Самый легкий характер у циников, самый невыносимый у идеалистов. Вам не кажется это странным?
— Я была жутко несчастна. — И долго? — С неделю. — Не так уж долго. — Это целая вечность, если ты по-настоящему несчастен.
- Вы не любите говорить о себе, не правда ли? - Я даже думать не люблю о себе.
Любовь не терпит объяснений. Ей нужны поступки.
Кто слишком часто оглядывается назад, легко может споткнуться и упасть.
Свободен лишь тот, кто утратил всё, ради чего стоит жить.
Кто ничего не ждет, никогда не будет разочарован.
Раскаяние - самая бесполезная вещь на свете. Вернуть ничего нельзя. Ничего нельзя исправить. Иначе все мы были бы святыми. Жизнь не имела в виду сделать нас совершенными.
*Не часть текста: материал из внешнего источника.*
(* Let $a_n$, $s$ and $c$ be any integers and let $n$ be a positive integer. Then \[ \sum_{a_{n-1}=c}^{a_n}\sum_{a_{n-2}=c}^{a_{n-1}}\cdots\sum_{a_0=c}^{a_1}(-1)^{a_0}F_{3a_0+s}=(-1)^{a_n}\frac{F_{n+3a_n+s}}{2^n}+(-1)^c\sum_{j=0}^{n-1}\frac{F_{n-j+3(c-1)+s}}{2^{n-j}}\binom{a_n+j-c}{j}, \] and \[ \sum_{a_{n-1}=c}^{a_n}\sum_{a_{n-2}=c}^{a_{n-1}}\cdots\sum_{a_0=c}^{a_1}(-1)^{a_0}L_{3a_0+s}=(-1)^{a_n}\frac{L_{n+3a_n+s}}{2^n}+(-1)^c\sum_{j=0}^{n-1}\frac{L_{n-j+3(c-1)+s}}{2^{n-j}}\binom{a_n+j-c}{j}. \]
   Context: $F_j$ and $L_j$ are the Fibonacci and Lucas numbers: $F_0=0,F_1=1$, $L_0=2,L_1=1$, both satisfying $X_j=X_{j-1}+X_{j-2}$, extended to all integer indices via the recurrence. For integers $c,m$ and a function $f$ on the integers, $\sum_{k=c}^m f(k)$ denotes the usual sum if $m\ge c$, equals $0$ if $m=c-1$, and equals $-\sum_{k=m+1}^{c-1}f(k)$ if $m\le c-2$. The nested sum $\sum_{a_{n-1}=c}^{a_n}\cdots\sum_{a_0=c}^{a_1}g(a_0)$ is the iterated sum with $n$ summation signs: innermost over $a_0$ from $c$ to $a_1$, then $a_1$ from $c$ to $a_2$, ..., outermost $a_{n-1}$ from $c$ to $a_n$. For an integer $j\ge0$ and any number $y$, $\binom{y}{j}=y(y-1)\cdots(y-j+1)/j!$. *)

theory Defs
  imports Complex_Main
begin

fun fibn :: "nat \<Rightarrow> int" where
  "fibn 0 = 0" | "fibn (Suc 0) = 1" | "fibn (Suc (Suc n)) = fibn (Suc n) + fibn n"

fun lucn :: "nat \<Rightarrow> int" where
  "lucn 0 = 2" | "lucn (Suc 0) = 1" | "lucn (Suc (Suc n)) = lucn (Suc n) + lucn n"

text \<open>Extension to all integers via the recurrence X_{j-2} = X_j - X_{j-1}:
  F_{-k} = (-1)^(k+1) F_k and L_{-k} = (-1)^k L_k.\<close>
definition F :: "int \<Rightarrow> int" where
  "F j = (if j \<ge> 0 then fibn (nat j) else (-1) ^ (nat (-j) + 1) * fibn (nat (-j)))"

definition L :: "int \<Rightarrow> int" where
  "L j = (if j \<ge> 0 then lucn (nat j) else (-1) ^ (nat (-j)) * lucn (nat (-j)))"

definition gsum :: "int \<Rightarrow> int \<Rightarrow> (int \<Rightarrow> real) \<Rightarrow> real" where
  "gsum c m f = (if m \<ge> c then (\<Sum>k\<in>{c..m}. f k) else - (\<Sum>k\<in>{m+1..c-1}. f k))"

fun nsum :: "nat \<Rightarrow> int \<Rightarrow> (int \<Rightarrow> real) \<Rightarrow> int \<Rightarrow> real" where
  "nsum 0 c g x = g x"
| "nsum (Suc n) c g x = gsum c x (\<lambda>a. nsum n c g a)"

end

theory Submission
  imports Defs
begin

text \<open>
  Fix any integer sequence \<open>G\<close> with \<open>G(j + 2) = G(j + 1) + G(j)\<close>. With \<open>a\<^sub>n = x\<close>, the
  nested sums \<open>S\<^sub>n(x)\<close> are characterised by \<open>S\<^sub>0(x) = (-1)\<^sup>x G(3x + s)\<close>, \<open>S\<^sub>n\<^sub>+\<^sub>1(c - 1) = 0\<close>
  and \<open>S\<^sub>n\<^sub>+\<^sub>1(x) - S\<^sub>n\<^sub>+\<^sub>1(x - 1) = S\<^sub>n(x)\<close>, so it suffices to check these three properties
  for the right-hand side. Its backward difference splits into Pascal's rule for the
  binomial coefficients and the identity \<open>G(k + 1) + G(k - 2) = 2 G(k)\<close>, which trades the
  shift by 3 in the index of the alternating term for a factor \<open>1/2\<close>.
\<close>

lemma reflected_fib_rec:
  fixes u :: "nat \<Rightarrow> int" and \<sigma> :: int and X :: "int \<Rightarrow> int"
  assumes rec: "\<And>n. u (Suc (Suc n)) = u (Suc n) + u n"
    and u0: "u 0 = (1 + \<sigma>) * u 1" "\<sigma> * u 0 = u 0"
    and X: "\<And>j. X j = (if 0 \<le> j then u (nat j) else \<sigma> * (-1) ^ nat (-j) * u (nat (-j)))"
  shows "X (j + 2) = X (j + 1) + X j"
proof -
  consider "0 \<le> j" | "j = -1" | "j = -2" | k where "j = - int k - 3"
  proof (cases "j < -2")
    case True
    then show ?thesis using that(4)[of "nat (- j - 3)"] by simp
  qed (use that in linarith)
  then show ?thesis
  proof cases
    case 1
    then have "nat (j + 2) = Suc (Suc (nat j))" "nat (j + 1) = Suc (nat j)" by auto
    with 1 show ?thesis by (simp add: X rec)
  next
    case 2
    with u0 show ?thesis by (simp add: X algebra_simps)
  next
    case 3
    have "u 2 = u 1 + u 0" using rec[of 0] by (simp add: numeral_2_eq_2)
    with 3 u0 show ?thesis by (simp add: X algebra_simps)
  next
    case 4
    then have "nat (- j) = Suc (Suc (Suc k))" "nat (- (j + 1)) = Suc (Suc k)"
      "nat (- (j + 2)) = Suc k" "\<not> 0 \<le> j + 2" by auto
    with 4 show ?thesis by (simp add: X rec algebra_simps)
  qed
qed

lemma F_rec: "F (j + 2) = F (j + 1) + F j"
  by (rule reflected_fib_rec[where u = fibn and \<sigma> = "-1"]) (simp_all add: F_def)

lemma L_rec: "L (j + 2) = L (j + 1) + L j"
  by (rule reflected_fib_rec[where u = lucn and \<sigma> = 1]) (simp_all add: L_def)

lemma gsum_lower: "gsum c (c - 1) f = 0"
  by (simp add: gsum_def)

lemma gsum_diff: "gsum c x f - gsum c (x - 1) f = f x"
proof (cases "c \<le> x")
  case True
  then have "{c..x} = insert x {c..x - 1}" by auto
  with True show ?thesis by (cases "c \<le> x - 1") (simp_all add: gsum_def)
next
  case False
  then have "{x..c - 1} = insert x {x + 1..c - 1}" by auto
  with False show ?thesis by (simp add: gsum_def)
qed

lemma gsum_eqI:
  assumes "S (c - 1) = 0" and "\<And>x. S x - S (x - 1) = f x"
  shows "S x = gsum c x f"
proof -
  define D where "D x = S x - gsum c x f" for x
  have step: "D x = D (x - 1)" for x
    using assms(2)[of x] gsum_diff[of c x f] by (simp add: D_def)
  have "D x = 0"
  proof (induction x rule: int_induct[where k = "c - 1"])
    case base
    show ?case using assms(1) by (simp add: D_def gsum_lower)
  next
    case (step1 i)
    then show ?case using step[of "i + 1"] by simp
  next
    case (step2 i)
    then show ?case using step[of i] by simp
  qed
  then show ?thesis by (simp add: D_def)
qed

lemma nsum_eqI:
  assumes "\<And>x. T 0 x = g x"
    and "\<And>n. T (Suc n) (c - 1) = 0"
    and "\<And>n x. T (Suc n) x - T (Suc n) (x - 1) = T n x"
  shows "nsum n c g x = T n x"
proof (induction n arbitrary: x)
  case 0
  show ?case by (simp add: assms(1))
next
  case (Suc n)
  have "T (Suc n) x = gsum c x (nsum n c g)"
    by (rule gsum_eqI) (simp_all add: assms(2,3) Suc)
  then show ?case by simp
qed

definition binomial_sum :: "(nat \<Rightarrow> real) \<Rightarrow> nat \<Rightarrow> int \<Rightarrow> real" where
  "binomial_sum b n y = (\<Sum>j<n. b (n - j) * (of_int (y + int j) gchoose j))"

lemma binomial_sum_diff:
  "binomial_sum b (Suc n) y - binomial_sum b (Suc n) (y - 1) = binomial_sum b n y"
proof -
  have pascal: "(of_int (y + int (Suc j)) gchoose Suc j) - (of_int (y - 1 + int (Suc j)) gchoose Suc j)
      = (of_int (y + int j) gchoose j :: real)" for j
    using gbinomial_Suc_Suc[of "of_int (y + int j) :: real" j] by (simp add: algebra_simps)
  have "binomial_sum b (Suc n) y - binomial_sum b (Suc n) (y - 1)
      = (\<Sum>j<Suc n. b (Suc n - j) * ((of_int (y + int j) gchoose j) - (of_int (y - 1 + int j) gchoose j)))"
    by (simp add: binomial_sum_def sum_subtractf[symmetric] right_diff_distrib)
  also have "\<dots> = (\<Sum>j<n. b (n - j) * (of_int (y + int j) gchoose j))"
    by (simp only: sum.lessThan_Suc_shift pascal) simp
  finally show ?thesis by (simp add: binomial_sum_def)
qed

lemma binomial_sum_minus_one: "binomial_sum b (Suc n) (-1) = b (Suc n)"
proof -
  have "(of_int (-1 + int (Suc j)) gchoose Suc j) = (0 :: real)" for j
    by (simp add: binomial_gbinomial[symmetric])
  then show ?thesis by (simp only: binomial_sum_def sum.lessThan_Suc_shift) simp
qed

lemma fib_rec_succ_plus_pred2:
  fixes G :: "int \<Rightarrow> int"
  assumes rec: "\<And>j. G (j + 2) = G (j + 1) + G j"
  shows "G (k + 1) + G (k - 2) = 2 * G k"
proof -
  have "G (k + 1) = G k + G (k - 1)" using rec[of "k - 1"] by (simp add: add.commute)
  moreover have "G k = G (k - 1) + G (k - 2)" using rec[of "k - 2"] by simp
  ultimately show ?thesis by simp
qed

definition alternating_term :: "(int \<Rightarrow> int) \<Rightarrow> int \<Rightarrow> nat \<Rightarrow> int \<Rightarrow> real" where
  "alternating_term G s n x = (-1) powi x * of_int (G (int n + 3 * x + s)) / 2 ^ n"

lemma alternating_term_diff:
  assumes rec: "\<And>j. G (j + 2) = G (j + 1) + G j"
  shows "alternating_term G s (Suc n) x - alternating_term G s (Suc n) (x - 1)
    = alternating_term G s n x"
proof -
  define k where "k = int n + 3 * x + s"
  have "alternating_term G s (Suc n) x - alternating_term G s (Suc n) (x - 1)
      = (-1) powi x * of_int (G (k + 1) + G (k - 2)) / 2 ^ Suc n"
    by (simp add: alternating_term_def k_def power_int_diff add_divide_distrib algebra_simps)
  also have "\<dots> = alternating_term G s n x"
    by (simp add: fib_rec_succ_plus_pred2[OF rec] alternating_term_def k_def)
  finally show ?thesis .
qed

definition closed_form :: "(int \<Rightarrow> int) \<Rightarrow> int \<Rightarrow> int \<Rightarrow> nat \<Rightarrow> int \<Rightarrow> real" where
  "closed_form G s c n x = alternating_term G s n x
     + (-1) powi c * binomial_sum (\<lambda>m. of_int (G (int m + 3 * (c - 1) + s)) / 2 ^ m) n (x - c)"

lemma nsum_alternating_fib_rec:
  assumes rec: "\<And>j. G (j + 2) = G (j + 1) + G j"
  shows "nsum n c (\<lambda>a. (-1) powi a * of_int (G (3 * a + s))) x = closed_form G s c n x"
proof (rule nsum_eqI)
  show "closed_form G s c 0 x = (-1) powi x * of_int (G (3 * x + s))" for x
    by (simp add: closed_form_def alternating_term_def binomial_sum_def)
  show "closed_form G s c (Suc n) (c - 1) = 0" for n
    by (simp add: closed_form_def alternating_term_def binomial_sum_minus_one power_int_diff
        algebra_simps)
  show "closed_form G s c (Suc n) x - closed_form G s c (Suc n) (x - 1) = closed_form G s c n x"
    for n x
    using alternating_term_diff[OF rec, of s n x] binomial_sum_diff[of _ n "x - c"]
    by (simp add: closed_form_def algebra_simps)
qed

theorem theorem2:
  fixes an s c :: int and n :: nat
  assumes "n > 0"
  shows "(nsum n c (\<lambda>a. (-1) powi a * of_int (F (3 * a + s))) an
           = (-1) powi an * of_int (F (int n + 3 * an + s)) / 2 ^ n
             + (-1) powi c * (\<Sum>j = 0..n-1. of_int (F (int n - int j + 3 * (c - 1) + s)) / 2 ^ (n - j)
                 * (real_of_int (an + int j - c) gchoose j))) \<and>
         (nsum n c (\<lambda>a. (-1) powi a * of_int (L (3 * a + s))) an
           = (-1) powi an * of_int (L (int n + 3 * an + s)) / 2 ^ n
             + (-1) powi c * (\<Sum>j = 0..n-1. of_int (L (int n - int j + 3 * (c - 1) + s)) / 2 ^ (n - j)
                 * (real_of_int (an + int j - c) gchoose j)))"
proof -
  have "closed_form G s c n an = (-1) powi an * of_int (G (int n + 3 * an + s)) / 2 ^ n
      + (-1) powi c * (\<Sum>j = 0..n-1. of_int (G (int n - int j + 3 * (c - 1) + s)) / 2 ^ (n - j)
          * (real_of_int (an + int j - c) gchoose j))" for G
  proof -
    have "{0..n-1} = {..<n}" using assms by auto
    then show ?thesis
      by (auto simp: closed_form_def alternating_term_def binomial_sum_def of_nat_diff
          algebra_simps intro!: sum.cong)
  qed
  then show ?thesis
    using nsum_alternating_fib_rec[OF F_rec] nsum_alternating_fib_rec[OF L_rec] by simp
qed

end
(* Let $(X,\mathcal{B},\mu)$ be a standard $\sigma$-finite measure space. Let $\alpha,\beta,\mathcal{C}$ be sub-$\sigma$-algebras of $\mathcal{B}$. Assume that $\mathcal{C}$ is $\sigma$-finite (i.e. $\mu|_{\mathcal{C}}$ is $\sigma$-finite) and non-atomic. Then $$(\mathcal{C}\vee\alpha\vee\beta)^{*}=(\mathcal{C}\vee\alpha)^{*}\vee(\mathcal{C}\vee\beta)^{*}\quad\text{modulo }\mu^{*}.$$
   Context: Poisson suspension of $(X,\mathcal{B},\mu)$: $X^*$ is the space of (counting) measures $\gamma$ on $X$; $\mathcal{B}^*$ is the $\sigma$-algebra generated by the maps $N(B):\gamma\mapsto\gamma(B)$, $B\in\mathcal{B}$. The measure $\mu^*$ is the unique probability measure on $(X^*,\mathcal{B}^* )$ such that, for pairwise disjoint $B_1,\dots,B_k\in\mathcal{B}$, the random variables $N(B_1),\dots,N(B_k)$ are independent. Moreover, each $N(B)$ is Poisson distributed with parameter $\mu(B)$, with $N(B)=\infty$ a.s. if $\mu(B)=\infty$. For a sub-$\sigma$-algebra $\mathcal{C}\subset\mathcal{B}$, $\mathcal{C}^*:=\sigma(\{N(A):A\in\mathcal{C}\})$. *)

theory Defs
  imports "HOL-Probability.Probability"
begin

definition Xstar :: "'a measure \<Rightarrow> ('a set \<Rightarrow> ennreal) set" where
  "Xstar M = {\<gamma>. measure_space (space M) (sets M) \<gamma> \<and>
                 (\<forall>A\<in>sets M. \<gamma> A = \<infinity> \<or> (\<exists>n::nat. \<gamma> A = of_nat n))}"

definition susp_alg :: "'a measure \<Rightarrow> 'a set set \<Rightarrow> ('a set \<Rightarrow> ennreal) set set" where
  "susp_alg M Cs = sigma_sets (Xstar M)
     {{\<gamma> \<in> Xstar M. \<gamma> A \<in> S} | A S. A \<in> Cs \<and> S \<in> sets (borel :: ennreal measure)}"

definition is_poisson_suspension :: "'a measure \<Rightarrow> ('a set \<Rightarrow> ennreal) measure \<Rightarrow> bool" where
  "is_poisson_suspension M P \<longleftrightarrow>
     prob_space P \<and> space P = Xstar M \<and> sets P = susp_alg M (sets M) \<and>
     (\<forall>I. finite I \<longrightarrow> I \<subseteq> sets M \<longrightarrow> disjoint I \<longrightarrow>
          prob_space.indep_vars P (\<lambda>_. borel) (\<lambda>A \<gamma>. \<gamma> A) I) \<and>
     (\<forall>A\<in>sets M. emeasure M A < \<infinity> \<longrightarrow> (\<forall>n::nat.
          measure P {\<gamma> \<in> space P. \<gamma> A = of_nat n} =
            measure M A ^ n / fact n * exp (- measure M A))) \<and>
     (\<forall>A\<in>sets M. emeasure M A = \<infinity> \<longrightarrow> (AE \<gamma> in P. \<gamma> A = \<infinity>))"

definition join_alg :: "'a measure \<Rightarrow> 'a set set \<Rightarrow> 'a set set \<Rightarrow> 'a set set" where
  "join_alg M F G = sigma_sets (space M) (F \<union> G)"

definition join_alg_star :: "'b set \<Rightarrow> 'b set set \<Rightarrow> 'b set set \<Rightarrow> 'b set set" where
  "join_alg_star \<Omega> F G = sigma_sets \<Omega> (F \<union> G)"

definition sub_sigma_algebra_of :: "'a measure \<Rightarrow> 'a set set \<Rightarrow> bool" where
  "sub_sigma_algebra_of M F \<longleftrightarrow> sigma_algebra (space M) F \<and> F \<subseteq> sets M"

definition sigma_finite_on :: "'a measure \<Rightarrow> 'a set set \<Rightarrow> bool" where
  "sigma_finite_on M F \<longleftrightarrow> (\<exists>A. countable A \<and> A \<subseteq> F \<and> \<Union>A = space M \<and>
                                  (\<forall>a\<in>A. emeasure M a \<noteq> \<infinity>))"

definition non_atomic_on :: "'a measure \<Rightarrow> 'a set set \<Rightarrow> bool" where
  "non_atomic_on M F \<longleftrightarrow> (\<forall>A\<in>F. 0 < emeasure M A \<longrightarrow>
       (\<exists>B\<in>F. B \<subseteq> A \<and> 0 < emeasure M B \<and> emeasure M B < emeasure M A))"

definition eq_mod :: "'b measure \<Rightarrow> 'b set set \<Rightarrow> 'b set set \<Rightarrow> bool" where
  "eq_mod P F G \<longleftrightarrow>
     (\<forall>A\<in>F. \<exists>B\<in>G. (A - B) \<union> (B - A) \<in> null_sets P) \<and>
     (\<forall>B\<in>G. \<exists>A\<in>F. (A - B) \<union> (B - A) \<in> null_sets P)"

end

theory Submission
  imports Defs
begin

(* Write R for the right-hand side.  The inclusion R \<subseteq> (C \<or> \<alpha> \<or> \<beta>)^* is trivial.  Conversely,
   the events agreeing with an R-event up to a null set form a \<sigma>-algebra, so it suffices that
   every count N(A), A \<in> C \<or> \<alpha> \<or> \<beta>, agrees a.e. with an R-measurable function.  For a box
   F \<inter> a \<inter> b with F \<in> C of finite measure, a \<in> \<alpha>, b \<in> \<beta>, non-atomicity yields partitions of F
   into C-sets of measure at most 2^-n.  A Poisson count puts two or more points into a cell of
   measure m with probability at most m^2, so by Borel-Cantelli almost every configuration
   eventually has at most one point in each cell; then
     N(F \<inter> a \<inter> b) = \<Sum>_Q min (N(Q \<inter> a)) (N(Q \<inter> b)),
   a limit of R-measurable functions.  A Dynkin argument extends this to all sets of C \<or> \<alpha> \<or> \<beta>
   localised to a C-set of finite measure, and \<sigma>-finiteness of C removes the localisation. *)

lemma halve_set:
  assumes sa: "sigma_algebra (space M) C" and CM: "C \<subseteq> sets M" and na: "non_atomic_on M C"
    and Y: "Y \<in> C" "0 < measure M Y" "emeasure M Y \<noteq> \<infinity>"
  shows "\<exists>Z\<in>C. Z \<subseteq> Y \<and> 0 < measure M Z \<and> measure M Z \<le> measure M Y / 2"
proof -
  interpret sigma_algebra "space M" C by fact
  have "0 < emeasure M Y" using Y emeasure_eq_ennreal_measure[of M Y] by auto
  then obtain B where B: "B \<in> C" "B \<subseteq> Y" "0 < emeasure M B" "emeasure M B < emeasure M Y"
    using na Y unfolding non_atomic_on_def by blast
  have "emeasure M B \<noteq> \<infinity>" using Y(3) B(4) by (auto simp: top_unique)
  then have mB: "0 < measure M B" "measure M B < measure M Y"
    using B Y emeasure_eq_ennreal_measure[of M B] emeasure_eq_ennreal_measure[of M Y]
    by (auto simp: ennreal_less_iff)
  have "measure M (Y - B) = measure M Y - measure M B"
    using Y B CM by (intro measure_Diff) auto
  moreover have "Y - B \<in> C" using Y B by auto
  ultimately show ?thesis
  proof (cases "measure M B \<le> measure M Y / 2")
    case True then show ?thesis using B mB by blast
  next
    case False then show ?thesis using mB \<open>Y - B \<in> C\<close> \<open>measure M (Y - B) = _\<close>
      by (intro bexI[of _ "Y - B"]) auto
  qed
qed

(* Iterated halving: arbitrarily small subsets of positive measure. *)
lemma small_subset:
  assumes sa: "sigma_algebra (space M) C" and CM: "C \<subseteq> sets M" and na: "non_atomic_on M C"
    and X: "X \<in> C" "0 < measure M X" "emeasure M X \<noteq> \<infinity>" and d: "0 < d"
  shows "\<exists>Y\<in>C. Y \<subseteq> X \<and> 0 < measure M Y \<and> measure M Y \<le> d"
proof -
  have halves: "\<exists>Z\<in>C. Z \<subseteq> X \<and> 0 < measure M Z \<and> measure M Z \<le> measure M X / 2^k" for k
  proof (induction k)
    case 0 then show ?case using X by auto
  next
    case (Suc k)
    then obtain Z where Z: "Z \<in> C" "Z \<subseteq> X" "0 < measure M Z" "measure M Z \<le> measure M X / 2^k"
      by blast
    have "emeasure M Z \<le> emeasure M X" using Z X CM by (intro emeasure_mono) auto
    then have "emeasure M Z \<noteq> \<infinity>" using X(3) by (auto simp: top_unique)
    from halve_set[OF sa CM na Z(1) Z(3) this] obtain W where
      "W \<in> C" "W \<subseteq> Z" "0 < measure M W" "measure M W \<le> measure M Z / 2" by blast
    moreover have "measure M Z / 2 \<le> measure M X / 2 ^ Suc k" using Z(4) by simp
    ultimately show ?case using Z(2) by (intro bexI[of _ W]) auto
  qed
  obtain k where "measure M X / d < 2 ^ k" using real_arch_pow[of 2 "measure M X / d"] by auto
  then have "measure M X / 2^k < d" using d by (simp add: divide_less_eq mult.commute)
  with halves[of k] show ?thesis by (meson order.trans less_imp_le)
qed

lemma half_maximal_subset:
  assumes "{} \<in> C" "0 \<le> d"
  shows "\<exists>Y\<in>C. Y \<subseteq> R \<and> measure M Y \<le> d \<and>
           (\<forall>Z\<in>C. Z \<subseteq> R \<longrightarrow> measure M Z \<le> d \<longrightarrow> measure M Z \<le> 2 * measure M Y)"
proof -
  define cand where "cand = {Y \<in> C. Y \<subseteq> R \<and> measure M Y \<le> d}"
  define s where "s = Sup (measure M ` cand)"
  have empty: "{} \<in> cand" using assms unfolding cand_def by auto
  have le_s: "measure M Z \<le> s" if "Z \<in> cand" for Z
    unfolding s_def using that by (intro cSup_upper bdd_aboveI[of _ d]) (auto simp: cand_def)
  obtain Y where "Y \<in> cand" "s \<le> 2 * measure M Y"
  proof (cases "s = 0")
    case True then show ?thesis using that[OF empty] by simp
  next
    case False
    then have "s / 2 < s" using le_s[OF empty] by simp
    then obtain Y where "Y \<in> cand" "s / 2 < measure M Y"
      unfolding s_def using empty
      by (subst (asm) less_cSup_iff) (auto intro: bdd_aboveI[of _ d] simp: cand_def)
    then show ?thesis using that by simp
  qed
  then show ?thesis using le_s unfolding cand_def by (intro bexI[of _ Y]) force+
qed

lemma greedy_exhaustion:
  assumes sa: "sigma_algebra (space M) C" and F: "F \<in> C" and d: "0 \<le> d"
  obtains Pc :: "nat \<Rightarrow> 'a set"
  where "\<And>n. Pc n \<in> C" "\<And>n. Pc n \<subseteq> F" "\<And>n. measure M (Pc n) \<le> d" "disjoint_family Pc"
    "\<And>Z n. Z \<in> C \<Longrightarrow> Z \<subseteq> F - (\<Union>n. Pc n) \<Longrightarrow> measure M Z \<le> d \<Longrightarrow>
        measure M Z \<le> 2 * measure M (Pc n)"
proof -
  interpret sigma_algebra "space M" C by fact
  have "\<forall>R. \<exists>Y. Y \<in> C \<and> Y \<subseteq> R \<and> measure M Y \<le> d \<and>
      (\<forall>Z\<in>C. Z \<subseteq> R \<longrightarrow> measure M Z \<le> d \<longrightarrow> measure M Z \<le> 2 * measure M Y)"
    using half_maximal_subset[where C = C and d = d and M = M] d by blast
  then obtain pick where pick: "\<And>R. pick R \<in> C \<and> pick R \<subseteq> R \<and> measure M (pick R) \<le> d \<and>
      (\<forall>Z\<in>C. Z \<subseteq> R \<longrightarrow> measure M Z \<le> d \<longrightarrow> measure M Z \<le> 2 * measure M (pick R))"
    by metis
  define Rs where "Rs n = ((\<lambda>X. X - pick X) ^^ n) F" for n
  define Pc where "Pc n = pick (Rs n)" for n
  have Rs_Suc: "Rs (Suc n) = Rs n - Pc n" for n unfolding Rs_def Pc_def by simp
  have Rs_C: "Rs n \<in> C" for n
    by (induction n) (auto simp: Rs_def F pick)
  have Pc_Rs: "Pc n \<subseteq> Rs n" for n unfolding Pc_def using pick by blast
  have "decseq Rs" by (rule decseq_SucI) (auto simp: Rs_Suc)
  then have Rs_F: "Rs n \<subseteq> F" for n using decseqD[of Rs 0 n] by (simp add: Rs_def)
  have "Pc = (\<lambda>n. (F - Rs (Suc n)) - (F - Rs n))" using Pc_Rs Rs_F by (fastforce simp: Rs_Suc)
  moreover have "disjoint_family (\<lambda>n. (F - Rs (Suc n)) - (F - Rs n))"
    by (rule disjoint_family_Suc) (auto simp: Rs_Suc)
  ultimately have disj: "disjoint_family Pc" by simp
  have rem: "F - (\<Union>n. Pc n) \<subseteq> Rs n" for n
    by (induction n) (auto simp: Rs_Suc Rs_def[of 0])
  show ?thesis
  proof (rule that[OF _ _ _ disj])
    show "Pc n \<in> C" "measure M (Pc n) \<le> d" for n using pick unfolding Pc_def by blast+
    show "Pc n \<subseteq> F" for n by (rule order.trans[OF Pc_Rs Rs_F])
    show "measure M Z \<le> 2 * measure M (Pc n)"
      if "Z \<in> C" "Z \<subseteq> F - (\<Union>n. Pc n)" "measure M Z \<le> d" for Z n
    proof -
      have "Z \<subseteq> Rs n" using that(2) rem[of n] by (rule order.trans)
      then show ?thesis using pick[of "Rs n"] that(1,3) unfolding Pc_def by blast
    qed
  qed
qed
Тому, кто совершенен, место в музее.
"... И что бы с вами не случилось - ничего не принимайте близко к сердцу. Немногое на свете долго бывает важным"
Мне не лучше и не хуже. Мне - никак.
Что может дать один человек другому, кроме капли тепла? И что может быть больше этого?
Ни один человек не может стать более чужим, чем тот, кого ты в прошлом любил.
"Нет, - быстро сказал он. - Только не это. Остаться друзьями? Развести маленький огородик на остывшей лаве угасших чувств? Нет, это не для нас с тобой. Так бывает только после маленьких интрижек, да и то получается довольно фальшиво. Любовь не пятнают дружбой. Конец есть конец"
Незначительная фраза, написанная безо всякого умысла, покажется вдруг молнией, разрушающей жизнь. А другая становится источником радости на целые недели, хотя и она проскользнула случайно, без определенного намерения.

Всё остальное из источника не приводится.